# 30 gallon cube lighting, quad pc or mh?



## Talonstorm (Feb 16, 2005)

I have searched the archives and saw several posts about lighting for a oceanic 30 gallon cube. I am getting one of these on Saturday (got on ebay, with stand for $180!) and I am trying to decide on the best lighting for it. I want the option to grow a wide variety of plants. I read about the 96 w powerquad fixture from coralife, but then someone had said the bulbs are so close together that you only really get about 50 w of light. That would not be sufficient if that is true. I read about a mh pendent light, but that the light may not reach the corners of the tank and would throw excess heat, both concerns. So, what experience does everyone have with these lights? I want to get the right thing so I don't end up spending double to replace lighting that isn't working out. I would also like to keep total spent for the lighting under $125 if possible.

Thanks for any and all advice!
Tina


----------



## niko (Jan 28, 2004)

I must have said that that fixture really looses a lot of light.

For $215 you may find and buy two of those fixtures. They look great, althought the fans are a bit noisy. But remember that a new bulb is at least $50.

I personally went the DIY way and the low profile hood that I built looks great on top of the cube. 3 x 36 watt CFs, total cost of everything $60 and minimal handywork. Let me know if you want pictures/explanations how to do it. 

--Nikolay


----------



## Rob G (Oct 19, 2004)

Niko, I think many of us would be interested in seeing photos and a description of your DIY fixture. Please post more information.


----------



## Talonstorm (Feb 16, 2005)

niko said:


> I personally went the DIY way and the low profile hood that I built looks great on top of the cube. 3 x 36 watt CFs, total cost of everything $60 and minimal handywork. Let me know if you want pictures/explanations how to do it.
> 
> --Nikolay


Hi Nikolay. I would love the pics and explanation on this. My dad is a big handyman (although he will probably want to strangle me for giving him another project) and can help me with this. Plus, it would save me some money as well! 

Thanks,
Tina


----------



## niko (Jan 28, 2004)

Detailed explanation here.

--Nikolay


----------



## SCMurphy (Jan 28, 2004)

If for some reason you have your heart set on the quad bulbs you can make it work, I used them over my 56 column tank. I took the AHSupply reflector for the 96 watt 2 bulb kit (linear bulbs) and cut it in half (i.e it was 36 inches long and now it's about 18 inches), then I got the quad bulbs from Hellolights. This set up takes full advantage of the quad bulb and the great reflectors that AHS has. I built the canopy to suspend the lights over the tank so I can see in the tank while I'm working in it.
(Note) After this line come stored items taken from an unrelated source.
lemma dds_swap_interior:
  assumes g: "smooth_on Q1 g" and z: "z \<in> interior Q1"
  shows "dds Q1 [w, v] g z = dds Q1 [v, w] g z"
proof -
  obtain d where d: "d > 0"
    and inner: "\<And>s t. \<bar>s\<bar> < d \<Longrightarrow> \<bar>t\<bar> < d \<Longrightarrow> z + s *\<^sub>R v + t *\<^sub>R w \<in> interior Q1"
    using open_contains_plane_square[OF open_interior z] by blast
  define P where "P x = z + fst x *\<^sub>R v + snd x *\<^sub>R w" for x :: "real \<times> real"
  have cont_dds: "isCont (\<lambda>(s, t). dds Q1 vs g (P (s, t))) (0, 0)" for vs
  proof -
    have "isCont (dds Q1 vs g) (P (0, 0))"
      using continuous_on_interior[OF smooth_on_continuous_on[OF g] z] by (simp add: P_def)
    moreover have "isCont P (0, 0)"
      unfolding P_def by (intro continuous_intros)
    ultimately show ?thesis
      using continuous_at_compose[of "(0, 0)" P "dds Q1 vs g"] by (simp add: o_def split_def)
  qed
  have "dds Q1 [w, v] g (P (0, 0)) = dds Q1 [v, w] g (P (0, 0))"
  proof (rule mixed_partials_eq_at_0[where F = "\<lambda>s t. g (P (s, t))"
        and Fs = "\<lambda>s t. dds Q1 [v] g (P (s, t))" and Ft = "\<lambda>s t. dds Q1 [w] g (P (s, t))",
        OF _ _ _ _ _ cont_dds cont_dds])
    show "0 < d" by (rule d)
    fix s t :: real assume "\<bar>s\<bar> < d" "\<bar>t\<bar> < d"
    then have "P (s, t) \<in> interior Q1" unfolding P_def by (simp add: inner)
    define y where "y = P (s, t)"
    have y: "y \<in> interior Q1" unfolding y_def by fact
    have lines: "\<And>x. P (x, t) = y + (x - s) *\<^sub>R v" "\<And>x. P (s, x) = y + (x - t) *\<^sub>R w"
      by (auto simp: y_def P_def algebra_simps)
    show "((\<lambda>x. g (P (x, t))) has_real_derivative dds Q1 [v] g (P (s, t))) (at s)"
      using smooth_on_has_real_derivative_interior[OF g y, of "[]" s v] unfolding lines by simp
    show "((\<lambda>x. dds Q1 [v] g (P (s, x))) has_real_derivative dds Q1 [w, v] g (P (s, t))) (at t)"
      using smooth_on_has_real_derivative_interior[OF g y, of "[v]" t w] unfolding lines by simp
    show "((\<lambda>x. g (P (s, x))) has_real_derivative dds Q1 [w] g (P (s, t))) (at t)"
      using smooth_on_has_real_derivative_interior[OF g y, of "[]" t w] unfolding lines by simp
    show "((\<lambda>x. dds Q1 [w] g (P (x, t))) has_real_derivative dds Q1 [v, w] g (P (s, t))) (at s)"
      using smooth_on_has_real_derivative_interior[OF g y, of "[w]" s v] unfolding lines by simp
  qed
  then show ?thesis by (simp add: P_def)
qed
However, niko's set up will give you a very nice light spread in that tank for a reasonable amount of money and effort. So don't take this post as a knock against his design, it's just some more info.


----------



## niko (Jan 28, 2004)

Sean this is interesting, the reflector and the hanging. Could you show us a picture?

--Nikolay


----------



## SCMurphy (Jan 28, 2004)

I put the pictures of the 56 gallon tank in my album, including a picture of the light set up.


----------



## plantbrain (Jan 23, 2004)

I really like the HQI 150 w light over a 40 cube. 30 might be a tad much.

See them here, I got mine for 150$ with the bulb last year, nice looking lights ready to go.

http://www.aquaticeco.com/index.cfm/fuseaction/product.detail/iid/3777/cid/1120

176$ some for more than 3. 193 each.

I'd go with Nikolay's if cost is a bigger concern than appearance.

Also, if you want a neat set up that provide the best of both HQI and PC:

http://www.petsupplyliquidator.com/htm/mnu_ahoods.htm

If you do DIY to save $, may as well go with N's, it'll be hard to beat that but you can add the A&H's reflectors to it also for an upgrade. Not a bad idea really, then you get more out of the light.

Regards, 
Tom Barr


----------